TASK INSTRUCTIONS: Write out the stretch of lines below that begins at the line with "using finite_subset[OF supp" and ends at the line with "by (induction k) (simp_all add: adj_matrix_mult", including both, exactly as given and nothing more.

Stored data
theorem proposition17:
  fixes \<alpha> :: real and g :: "'a::euclidean_space \<Rightarrow> real"
    and f :: "'a \<Rightarrow> real" and K :: "'a set"
  defines "\<psi> \<equiv> density lborel (\<lambda>x. ennreal (g x))"
  assumes g_cont: "continuous_on UNIV g"
    and g_bdd: "bounded (range g)"
    and g_pos: "\<And>x. g x > 0"
    and g_prob: "(\<integral>\<^sup>+ x. ennreal (g x) \<partial>lborel) = 1"
    and \<alpha>_pos: "\<alpha> > 0"
    and f_meas: "f \<in> borel_measurable lborel"
    and f_BV: "BV_alpha_norm \<alpha> \<psi> f < \<top>"
    and K_compact: "compact K"
  shows "essinf (restrict_space \<psi> K) (\<lambda>x. ereal (measure \<psi> (ball x 1))) > 0
    \<and> esssup (restrict_space \<psi> K) (\<lambda>x. ereal \<bar>f x\<bar>)
      \<le> max (esssup lborel (\<lambda>x. ereal (g x))) 1
          / essinf (restrict_space \<psi> K) (\<lambda>x. ereal (measure \<psi> (ball x 1)))
          * enn2ereal (BV_alpha_norm \<alpha> \<psi> f)"
proof -
  have g_meas: "g \<in> borel_measurable lborel"
    using borel_measurable_continuous_onI[OF g_cont] by simp
  interpret \<psi>: finite_measure \<psi>
    using g_meas g_prob by (intro finite_measureI) (simp add: \<psi>_def emeasure_density)
  define d where "d = essinf (restrict_space \<psi> K) (\<lambda>x. ereal (measure \<psi> (ball x 1)))"
  have "0 < d"
    using essinf_measure_density_ball_pos[OF _ g_cont g_pos K_compact zero_less_one]
      \<psi>.finite_measure_axioms
    unfolding d_def \<psi>_def by blast
  obtain m where m: "max (esssup lborel (\<lambda>x. ereal (g x))) 1 = ereal m" "1 \<le> m"
    and g_le: "AE x in lborel. g x \<le> m"
    using max_esssup_one_eq_ereal[OF g_meas g_bdd] .
  obtain bv where "0 \<le> bv" and bv: "BV_alpha_norm \<alpha> \<psi> f = ennreal bv"
    using f_BV by (cases "BV_alpha_norm \<alpha> \<psi> f" rule: ennreal_cases) auto
  have "AE x in \<psi>. ennreal \<bar>f x\<bar> * emeasure \<psi> (ball x 1) \<le> ennreal m * BV_alpha_norm \<alpha> \<psi> f"
    unfolding \<psi>_def
    using AE_abs_mult_emeasure_ball_le_BV_alpha_norm[OF g_meas g_le m(2) less_imp_le[OF \<alpha>_pos] f_meas] .
  then have "AE x in restrict_space \<psi> K. ennreal \<bar>f x\<bar> * emeasure \<psi> (ball x 1) \<le> ennreal m * ennreal bv"
    unfolding bv using compact_imp_closed[OF K_compact]
    by (subst AE_restrict_space_iff) (auto simp: \<psi>_def elim: eventually_mono)
  then have "AE x in restrict_space \<psi> K. ereal \<bar>f x\<bar> \<le> ereal m / d * ereal bv"
    using essinf_AE[of "restrict_space \<psi> K" "\<lambda>x. ereal (measure \<psi> (ball x 1))"]
  proof eventually_elim
    case (elim x)
    then have "\<bar>f x\<bar> * measure \<psi> (ball x 1) \<le> m * bv"
      using m(2) \<open>0 \<le> bv\<close> by (simp add: \<psi>.emeasure_eq_measure ennreal_mult[symmetric] ennreal_le_iff)
    then show ?case
      using \<open>0 < d\<close> elim(2) m(2) \<open>0 \<le> bv\<close> unfolding d_def by (intro ereal_le_divide_mult) auto
  qed
  then have "esssup (restrict_space \<psi> K) (\<lambda>x. ereal \<bar>f x\<bar>) \<le> ereal m / d * ereal bv"
    using f_meas by (intro esssup_I measurable_restrict_space1) (simp add: \<psi>_def)
  then show ?thesis
    using \<open>0 < d\<close> \<open>0 \<le> bv\<close> by (simp add: d_def m bv enn2ereal_ennreal)
qed
lemma mmul_nonzeroE:
  assumes "mmul p q \<alpha> \<noteq> 0"
  obtains \<beta> \<gamma> where "p \<beta> \<noteq> 0" "q \<gamma> \<noteq> 0" "\<alpha> = (\<lambda>i. \<beta> i + \<gamma> i)"
proof -
  obtain \<beta>\<gamma> where "\<beta>\<gamma> \<in> {(\<beta>, \<gamma>). p \<beta> \<noteq> 0 \<and> q \<gamma> \<noteq> 0 \<and> (\<lambda>i. \<beta> i + \<gamma> i) = \<alpha>}"
    using assms unfolding mmul_def by (metis (no_types, lifting) ex_in_conv sum.empty)
  then show thesis
    using that by auto
qed

lemma homogeneous_mmul:
  "homogeneous n d p \<Longrightarrow> homogeneous n e q \<Longrightarrow> homogeneous n (d + e) (mmul p q)"
  unfolding homogeneous_def by (auto elim!: mmul_nonzeroE simp: sum.distrib)

lemma
  assumes "is_mpoly n p" "is_mpoly n q"
  shows is_mpoly_mmul: "is_mpoly n (mmul p q)"
    and meval_mmul: "meval n (mmul p q) x = meval n p x * meval n q x"
proof -
  define A where "A = {\<beta>. p \<beta> \<noteq> 0} \<times> {\<gamma>. q \<gamma> \<noteq> 0}"
  define g where "g = (\<lambda>(\<beta>, \<gamma>). \<lambda>i::nat. \<beta> i + \<gamma> i :: nat)"
  have A: "finite A"
    using assms by (simp add: is_mpoly_def A_def)
  have supp: "{\<alpha>. mmul p q \<alpha> \<noteq> 0} \<subseteq> g ` A"
    by (auto elim!: mmul_nonzeroE simp: A_def g_def)
  show "is_mpoly n (mmul p q)"
    unfolding is_mpoly_def
    using finite_subset[OF supp finite_imageI[OF A]] assms
    by (auto elim!: mmul_nonzeroE simp: is_mpoly_def)
  have mmul_eq: "mmul p q \<alpha> = (\<Sum>\<beta>\<gamma>\<in>{\<beta>\<gamma>\<in>A. g \<beta>\<gamma> = \<alpha>}. p (fst \<beta>\<gamma>) * q (snd \<beta>\<gamma>))" for \<alpha>
    unfolding mmul_def by (rule sum.cong) (auto simp: A_def g_def)
  have "meval n (mmul p q) x = (\<Sum>\<alpha>\<in>g ` A. \<Sum>\<beta>\<gamma>\<in>{\<beta>\<gamma>\<in>A. g \<beta>\<gamma> = \<alpha>}.
      p (fst \<beta>\<gamma>) * q (snd \<beta>\<gamma>) * mmonom n (g \<beta>\<gamma>) x)"
    unfolding meval_eq_sum_mmonom[OF finite_imageI[OF A] supp] mmul_eq sum_distrib_right
    by (intro sum.cong) auto
  also have "\<dots> = (\<Sum>(\<beta>, \<gamma>)\<in>A. (p \<beta> * mmonom n \<beta> x) * (q \<gamma> * mmonom n \<gamma> x))"
    by (subst sum.group[OF A finite_imageI[OF A]])
       (auto simp: g_def mmonom_def power_add prod.distrib intro!: sum.cong)
  also have "\<dots> = meval n p x * meval n q x"
    unfolding A_def sum_product sum.cartesian_product meval_def mmonom_def by simp
  finally show "meval n (mmul p q) x = meval n p x * meval n q x" .
qed
lemma mpow_commute: "mpow A k ** A = A ** mpow (A::'n::finite cmat) k"
  by (induction k) (simp_all add: matrix_mul_assoc[symmetric])

lemma adj_mpow: "adj (mpow A k) = mpow (adj (A::'n::finite cmat)) k"
  by (induction k) (simp_all add: adj_matrix_mult mpow_commute)

lemma adj_mexp: "adj (mexp A) = mexp (adj (A::'n::finite cmat))"
proof -
  from bounded_linear.sums[OF bounded_linear_adj mexp_sums[of A]]
  have "(\<lambda>k. (1 / fact k) *\<^sub>R mpow (adj A) k) sums adj (mexp A)"
    by (simp add: adj_scaleR adj_mpow mexp_eq_exp)
  then show ?thesis
    unfolding mexp_def by (rule sums_unique)
qed

text \<open>Differentiate \<open>exp(tX\<^sup>*) = exp(tX)\<^sup>* = exp(tX)\<^sup>-\<^sup>1 = exp(-tX)\<close> at \<open>t = 0\<close>.\<close>

lemma lie_alg_skew_adjoint:
  assumes "L \<subseteq> unitary_group" and "X \<in> lie_alg L"
  shows "adj X = - (X::'n::finite cmat)"
proof -
  define a :: "'n matalg" where "a = of_mat X"
  define b :: "'n matalg" where "b = of_mat (adj X)"
  have unitary: "exp (t *\<^sub>R b) * exp (t *\<^sub>R a) = 1" for t
  proof -
    have "mexp (t *\<^sub>R X) \<in> unitary_group"
      using assms unfolding lie_alg_def by blast
    then have "mexp (t *\<^sub>R adj X) ** mexp (t *\<^sub>R X) = mat 1"
      by (simp add: unitary_group_def adj_mexp adj_scaleR)
    then show ?thesis
      by (simp add: mexp_eq_exp matalg_eq_iff a_def b_def scaleR_matalg_def)
  qed
  have exp_b: "exp (t *\<^sub>R b) = exp (t *\<^sub>R (- a))" for t
  proof -
    have "exp (t *\<^sub>R b) = exp (t *\<^sub>R b) * (exp (t *\<^sub>R a) * exp (- (t *\<^sub>R a)))"
      by (simp add: exp_minus_inverse)
    also have "\<dots> = exp (- (t *\<^sub>R a))"
      by (simp add: mult.assoc[symmetric] unitary)
    finally show ?thesis
      by simp
  qed
  have "((\<lambda>t. exp (t *\<^sub>R b)) has_vector_derivative b) (at 0)"
    using exp_scaleR_has_vector_derivative_right[of b 0 UNIV] by simp
  moreover have "((\<lambda>t. exp (t *\<^sub>R b)) has_vector_derivative (- a)) (at 0)"
    unfolding exp_b using exp_scaleR_has_vector_derivative_right[of "- a" 0 UNIV] by simp
  ultimately have "b = - a"
    by (rule vector_derivative_unique_at)
  then show ?thesis
    by (simp add: matalg_eq_iff a_def b_def)
qed

subsection \<open>Positive square roots of \<open>A\<^sup>*A\<close> in \<open>L\<^sub>\<complex>\<close> and its closure\<close>

lemma hermitian_csmul_ii:
  assumes "adj X = - X"
  shows "hermitian (csmul \<i> (X::'n::finite cmat))"
proof -
  have "cnj (X $ j $ i) = - X $ i $ j" for i j
    using arg_cong[OF assms, of "\<lambda>M. M $ i $ j"] by simp
  then show ?thesis
    by (simp add: hermitian_def vec_eq_iff csmul_def)
qed

lemma complexification_psd_sqrt:
  assumes "L \<subseteq> unitary_group" and "mat 1 \<in> L" and "A \<in> complexification L"
  shows "\<exists>P\<in>complexification L. psd P \<and> P ** P = adj A ** (A::'n::finite cmat)"
proof -
  obtain k X where A: "A = k ** mexp (csmul \<i> X)" and "k \<in> L" and X: "X \<in> lie_alg L"
    using assms(3) unfolding complexification_def by blast
  define M where "M = csmul \<i> X"
  define P where "P = mexp M"
  have "adj M = M"
    using hermitian_csmul_ii[OF lie_alg_skew_adjoint[OF assms(1) X]] by (simp add: M_def hermitian_def)
  then have "adj P = P"
    by (simp add: P_def adj_mexp)
  have "adj k ** k = mat 1"
    using \<open>k \<in> L\<close> assms(1) by (auto simp: unitary_group_def)
  moreover have "adj A ** A = P ** (adj k ** k) ** P"
    by (simp add: A M_def[symmetric] P_def[symmetric] adj_matrix_mult \<open>adj P = P\<close> matrix_mul_assoc)
  ultimately have "P ** P = adj A ** A"
    by simp
  moreover have "psd P"
  proof -
    define F where "F = mexp ((1/2) *\<^sub>R M)"
    have "F ** F = P"
      using mexp_add_commuting[of "(1/2) *\<^sub>R M" "(1/2) *\<^sub>R M"]
      by (simp add: F_def P_def scaleR_add_left[symmetric])
    moreover have "hermitian F"
      by (simp add: hermitian_def F_def adj_mexp adj_scaleR \<open>adj M = M\<close>)
    ultimately show ?thesis
      using psd_square_hermitian by metis
  qed
  moreover have "P = mat 1 ** mexp (csmul \<i> X)"
    by (simp add: P_def M_def)
  then have "P \<in> complexification L"
    unfolding complexification_def using assms(2) X by blast
  ultimately show ?thesis
    by blast
qed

THE ANSWER:
    using finite_subset[OF supp finite_imageI[OF A]] assms
    by (auto elim!: mmul_nonzeroE simp: is_mpoly_def)
  have mmul_eq: "mmul p q \<alpha> = (\<Sum>\<beta>\<gamma>\<in>{\<beta>\<gamma>\<in>A. g \<beta>\<gamma> = \<alpha>}. p (fst \<beta>\<gamma>) * q (snd \<beta>\<gamma>))" for \<alpha>
    unfolding mmul_def by (rule sum.cong) (auto simp: A_def g_def)
  have "meval n (mmul p q) x = (\<Sum>\<alpha>\<in>g ` A. \<Sum>\<beta>\<gamma>\<in>{\<beta>\<gamma>\<in>A. g \<beta>\<gamma> = \<alpha>}.
      p (fst \<beta>\<gamma>) * q (snd \<beta>\<gamma>) * mmonom n (g \<beta>\<gamma>) x)"
    unfolding meval_eq_sum_mmonom[OF finite_imageI[OF A] supp] mmul_eq sum_distrib_right
    by (intro sum.cong) auto
  also have "\<dots> = (\<Sum>(\<beta>, \<gamma>)\<in>A. (p \<beta> * mmonom n \<beta> x) * (q \<gamma> * mmonom n \<gamma> x))"
    by (subst sum.group[OF A finite_imageI[OF A]])
       (auto simp: g_def mmonom_def power_add prod.distrib intro!: sum.cong)
  also have "\<dots> = meval n p x * meval n q x"
    unfolding A_def sum_product sum.cartesian_product meval_def mmonom_def by simp
  finally show "meval n (mmul p q) x = meval n p x * meval n q x" .
qed
lemma mpow_commute: "mpow A k ** A = A ** mpow (A::'n::finite cmat) k"
  by (induction k) (simp_all add: matrix_mul_assoc[symmetric])

lemma adj_mpow: "adj (mpow A k) = mpow (adj (A::'n::finite cmat)) k"
  by (induction k) (simp_all add: adj_matrix_mult mpow_commute)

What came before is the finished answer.